I was so confused. A rabbit? As
is evidenced by my post with the bunny bread, I think rabbits are adorable. They’re
all fluffy and lovable, and generally not seen as bad creatures in my
experience. I mean, there are all sorts of jokes about how quickly they
reproduce, but that seemed wildly inapplicable in this context. Turns out what
they mean is: when there is an unwanted house guest (or someone who is cold
spending time in the house) it’s kind of like having a pet rabbit. It’s there,
it’s physically present, it’s involved in family life, but in the end it’s in a
hutch in the backyard and it’s not really a true member of the family, it’s at
arms length.
Huh, how about that.
Important thing first: that bunny picture is adorable!

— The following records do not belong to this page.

theorem lemma9:
  fixes \<Sigma> :: "'a set" and T :: "('a list \<times> 'a list) set"
  assumes "finite_rs \<Sigma> T"
    and "convergent \<Sigma> T"
    and "length_reducing T"
    and "inv_closed \<Sigma> T"
  shows "geodetic (grp \<Sigma> T) (cay_adj \<Sigma> T) \<and>
         (\<forall>u m. isometric_circuit (grp \<Sigma> T) (cay_adj \<Sigma> T) u m \<and> m > 2 \<longrightarrow>
           (\<exists>n > 0. m = 2 * n + 1 \<and>
             (\<forall>(x :: nat \<Rightarrow> 'a) (y :: nat \<Rightarrow> 'a).
                (\<forall>i \<in> {1..m}. x i \<in> \<Sigma> \<and> y i \<in> \<Sigma> \<and>
                   (\<exists>w \<in> lists \<Sigma>. u (i - 1) = cls T w \<and> u i = cls T (w @ [x i])) \<and>
                   ([x i, y i], []) \<in> req T \<and> ([y i, x i], []) \<in> req T)
                \<longrightarrow> (map x [1..<n + 2], map y (rev [n + 2..<m + 1])) \<in> T)))"
proof -
  interpret group_rewriting_system \<Sigma> T
    using assms unfolding finite_rs_def convergent_def by unfold_locales auto
  have "\<exists>n > 0. m = 2 * n + 1 \<and> (\<forall>x y.
          (\<forall>i \<in> {1..m}. x i \<in> \<Sigma> \<and> y i \<in> \<Sigma> \<and>
             (\<exists>w \<in> lists \<Sigma>. u (i - 1) = cls T w \<and> u i = cls T (w @ [x i])) \<and>
             ([x i, y i], []) \<in> req T \<and> ([y i, x i], []) \<in> req T)
          \<longrightarrow> (map x [1..<n + 2], map y (rev [n + 2..<m + 1])) \<in> T)"
    if circuit: "isometric_circuit (grp \<Sigma> T) (cay_adj \<Sigma> T) u m" and "m > 2" for u m
  proof -
    obtain n where m: "m = 2 * n + 1"
      using isometric_circuit_odd[OF geodetic_cayley_graph cay_adj_symp circuit \<open>m > 2\<close>] by (rule oddE)
    with \<open>m > 2\<close> have "0 < n" by simp
    show ?thesis
    proof (intro exI[of _ n] conjI allI impI)
      fix x y :: "nat \<Rightarrow> 'a"
      assume labels: "\<forall>i \<in> {1..m}. x i \<in> \<Sigma> \<and> y i \<in> \<Sigma> \<and>
        (\<exists>w \<in> lists \<Sigma>. u (i - 1) = cls T w \<and> u i = cls T (w @ [x i])) \<and>
        ([x i, y i], []) \<in> req T \<and> ([y i, x i], []) \<in> req T"
      show "(map x [1..<n + 2], map y (rev [n + 2..<m + 1])) \<in> T"
        by (rule isometric_circuit_rule[OF circuit m \<open>0 < n\<close>]) (use labels in blast)+
    qed (use m \<open>0 < n\<close> in simp_all)
  qed
  with geodetic_cayley_graph show ?thesis
    by blast
qed

end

ReplyDeleteWith respect to the kisses/cheek bumps is it supposed to be your left or their left first? Rather predictably the mathematician in me is struggling with the ambiguity.
You said this order in which the sides are kissed/bumped was specific to the south, is there any particular reason that your host family is aware of that led to that order, or the differences between regions?
I only spent a little time in France, but the cheek bumping where I was didn't seem to be as big a deal... I'm not sure if that was because of how much time my host family had spent with North-Americans, of if it was a regional thing. How disparate is France in this regard?
I have no idea what I plan on doing with this information... but knowledge is power...
Glad you're having fun! These updates are awesome!